Algorithm for checking if a polyhedron is bounded. Given a polyhedron in the form $Ax \leq b$, I need to know a way to determine if the polyhedron is bounded.
I need an algorithm for which given a matrix $A$ and a vector $b$ as input, 
it should output True if the polyhedron thus formed is bounded, otherwise output False.
 A: Linear programming is (in practice, with readily available software) fast.  Take a random unit vector $c$ and maximize and minimize $c \cdot x$ subject to $A x \le b$.  If the polyhedron is nonempty and bounded, both problems will have optimal solutions.
If it is unbounded, then with probability $1$ one or both problems will be unbounded.
A: A naive (but deterministic) algorithm is to check if the support function of the polyhedron is bounded for each of the $2n$ canonical basis directions $\pm e_i$, for $i = 1, \ldots, n$. In the worst case this requires solving $2n$ linear programs.

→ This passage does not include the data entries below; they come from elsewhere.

instantiation z2 :: "{zero, plus, times}"
begin
definition zero_z2_def: "0 = z2_of_int 0"
definition plus_z2_def: "a + b = Abs_z2 (\<lambda>n. (res a n + res b n) mod 2 ^ n)"
definition times_z2_def: "a * b = Abs_z2 (\<lambda>n. (res a n * res b n) mod 2 ^ n)"
instance ..
end

definition digit :: "nat \<Rightarrow> z2 \<Rightarrow> int" where
  "digit j x = res x (Suc j) div 2 ^ j"

definition ord2 :: "z2 \<Rightarrow> nat" where
  "ord2 h = (LEAST n. res h (Suc n) \<noteq> 0)"

definition is_T_function :: "(z2 \<Rightarrow> z2) \<Rightarrow> bool" where
  "is_T_function f \<longleftrightarrow> (\<forall>a b s. res a s = res b s \<longrightarrow> res (f a) s = res (f b) s)"

definition red_map :: "(z2 \<Rightarrow> z2) \<Rightarrow> nat \<Rightarrow> int \<Rightarrow> int" where
  "red_map f n r = res (f (z2_of_int r)) n"

definition transitive :: "(z2 \<Rightarrow> z2) \<Rightarrow> bool" where
  "transitive f \<longleftrightarrow> (\<forall>n\<ge>1.
      bij_betw (red_map f n) {0..<2 ^ n} {0..<2 ^ n} \<and>
      (\<forall>r\<in>{0..<2 ^ n}. \<exists>i. (red_map f n ^^ i) 0 = r))"

definition udiff_with :: "(z2 \<Rightarrow> z2) \<Rightarrow> nat \<Rightarrow> nat \<Rightarrow> bool" where
  "udiff_with f M K \<longleftrightarrow> (\<exists>f' :: z2 \<Rightarrow> z2. \<forall>x h. h \<noteq> 0 \<and> res h K = 0 \<longrightarrow>
       res (f (x + h)) (ord2 h + M) = res (f x + f' x * h) (ord2 h + M))"

definition unif_diff :: "(z2 \<Rightarrow> z2) \<Rightarrow> nat \<Rightarrow> bool" where
  "unif_diff f M \<longleftrightarrow> (\<exists>K. udiff_with f M K)"

definition N_const :: "nat \<Rightarrow> (z2 \<Rightarrow> z2) \<Rightarrow> nat" where
  "N_const M f = (LEAST K. udiff_with f M K)"

end

theory Submission
  imports Defs "HOL-Number_Theory.Cong" "HOL-Computational_Algebra.Primes"
begin

text \<open>
  Write x_i = f^i(x0). Since f mod 2^n is a single cycle of length 2^n, the points x_i and
  x_(i+2^m) agree modulo 2^m but not modulo 2^(m+1), so x_(i+2^m) = x_i + 2^m s_m(i)
  (mod 2^(m+2)) with s_m(i) odd, and the digit chi_(m+1)(i + 2^m) is chi_(m+1)(i) + chi_m(i)
  plus the second binary digit of s_m(i). For m >= N = N_2(f), uniform differentiability gives
  s_m(i+1) = f'(x_i) s_m(i) (mod 4), hence s_m(i) = P(i) s_m(0) (mod 4) with
  P(i) = prod_(j<i) f'(x_j). On odd numbers the second digit is additive, which yields the
  recurrence with y(i) the second digit of P(i). The derivative modulo 4 depends only on
  x mod 2^N, so P(i + 2^N) = P(i) P(2^N), and P(2^N) = 1 (mod 4) because s_N(2^N) + s_N(0) is
  twice the odd number s_(N+1)(0). Hence y has period 2^N, and so its least period is a
  power of two.
\<close>

section \<open>Residues of 2-adic integers\<close>

lemma res_nonneg [simp]: "0 \<le> res x n"
  and res_less [simp]: "res x n < 2 ^ n"
  and res_Suc_mod: "res x (Suc n) mod 2 ^ n = res x n"
  using Rep_z2[of x] unfolding res_def by auto

lemma res_mod_le: "n \<le> m \<Longrightarrow> res x m mod 2 ^ n = res x n"
proof (induction m rule: dec_induct)
  case (step m)
  then have "res x (Suc m) mod 2 ^ n = res x (Suc m) mod 2 ^ m mod 2 ^ n"
    by (simp add: mod_mod_cancel le_imp_power_dvd)
  with step show ?case by (simp add: res_Suc_mod)
qed simp

lemma res_0 [simp]: "res x 0 = 0"
  using res_less[of x 0] res_nonneg[of x 0] unfolding power_0 by linarith

lemma res_eq_mono: "n \<le> m \<Longrightarrow> res x m = res y m \<Longrightarrow> res x n = res y n"
  by (metis res_mod_le)

lemma res_cong: "i \<le> j \<Longrightarrow> [res x j = res x i] (mod 2 ^ i)"
  by (simp add: cong_def res_mod_le)

lemma res_eq_iff_cong: "res y j = res x j \<longleftrightarrow> [res y j = res x j] (mod 2 ^ j)"
  by (simp add: cong_def res_mod_le)

lemma res_eq_iff_dvd: "res y j = res x j \<longleftrightarrow> 2 ^ j dvd res y j - res x j"
  by (simp add: res_eq_iff_cong cong_iff_dvd_diff)

lemma z2_eq_iff: "x = y \<longleftrightarrow> (\<forall>n. res x n = res y n)"
  unfolding res_def using Rep_z2_inject by auto

lemma res_Abs_z2:
  assumes "\<And>n. [c (Suc n) = c n] (mod 2 ^ n)"
  shows "res (Abs_z2 (\<lambda>n. c n mod 2 ^ n)) n = c n mod 2 ^ n"
proof -
  have "c (Suc n) mod 2 ^ Suc n mod 2 ^ n = c n mod 2 ^ n" for n
    using assms[of n] by (simp add: cong_def mod_mod_cancel)
  then show ?thesis unfolding res_def by (simp add: Abs_z2_inverse)
qed

lemma res_z2_of_int: "res (z2_of_int k) n = k mod 2 ^ n"
  unfolding z2_of_int_def by (rule res_Abs_z2[where c = "\<lambda>_. k"]) simp

lemma res_zero [simp]: "res 0 n = 0"
  by (simp add: zero_z2_def res_z2_of_int)

lemma res_plus: "res (a + b) n = (res a n + res b n) mod 2 ^ n"
  unfolding plus_z2_def
  by (rule res_Abs_z2) (intro cong_add; simp add: cong_def res_Suc_mod)

lemma res_times: "res (a * b) n = (res a n * res b n) mod 2 ^ n"
  unfolding times_z2_def
  by (rule res_Abs_z2) (intro cong_mult; simp add: cong_def res_Suc_mod)

instantiation z2 :: minus
begin
definition minus_z2_def: "a - b = Abs_z2 (\<lambda>n. (res a n - res b n) mod 2 ^ n)"
instance ..
end

lemma res_minus: "res (a - b) n = (res a n - res b n) mod 2 ^ n"
  unfolding minus_z2_def
  by (rule res_Abs_z2) (intro cong_diff; simp add: cong_def res_Suc_mod)

lemma z2_add_diff_cancel: "x + (y - x) = (y :: z2)"
  by (simp only: z2_eq_iff res_plus res_minus) (simp add: mod_add_right_eq)

lemma res_minus_eq_0_iff: "res (y - x) n = 0 \<longleftrightarrow> res y n = res x n"
  by (simp add: res_minus res_eq_iff_cong cong_iff_dvd_diff dvd_eq_mod_eq_0)

lemma res_diff_odd_part:
  assumes "res y k = res x k" and "res y (Suc k) \<noteq> res x (Suc k)" and "Suc k \<le> j"
  obtains u where "res y j - res x j = 2 ^ k * u" and "odd u"
proof -
  have "[res y j - res x j = res y k - res x k] (mod 2 ^ k)"
    using assms(3) by (intro cong_diff res_cong) simp_all
  then have "2 ^ k dvd res y j - res x j"
    using assms(1) by (simp add: cong_0_iff)
  then obtain u where u: "res y j - res x j = 2 ^ k * u" ..
  have "[res y j - res x j = res y (Suc k) - res x (Suc k)] (mod 2 ^ Suc k)"
    using assms(3) by (intro cong_diff res_cong) simp_all
  moreover have "\<not> 2 ^ Suc k dvd res y (Suc k) - res x (Suc k)"
    using assms(2) res_eq_iff_cong cong_iff_dvd_diff by metis
  ultimately have "\<not> 2 ^ Suc k dvd 2 ^ k * u"
    unfolding u using cong_dvd_iff by blast
  then have "odd u"
    by (auto elim!: evenE)
  with u that show ?thesis by blast
qed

I'm aware of a better approach that uses Stiemke's theorem of alternatives, which requires just 1 LP:
Proposition 1. If $\ker(A) \neq \{ 0\}$ => $P$ is unbounded.
Proposition 2. Assume that $\ker(A) = \{0\}$ and $P$ is non-empty. Then $P$ is bounded if and only if the following linear program admits a feasible solution: $\min \Vert y \Vert_1$ subject to $A^T y = 0$ and $y \geq 1$.

The naive method is available in the Julia library LazySets.jl (which i'm coauthor) and you can use it as isbounded(P) where P is the polyhedron. The second method is waiting to be implemented :) -- see LazySets#1136.
EDIT: the method in question is now available since LazySets release v1.37.4.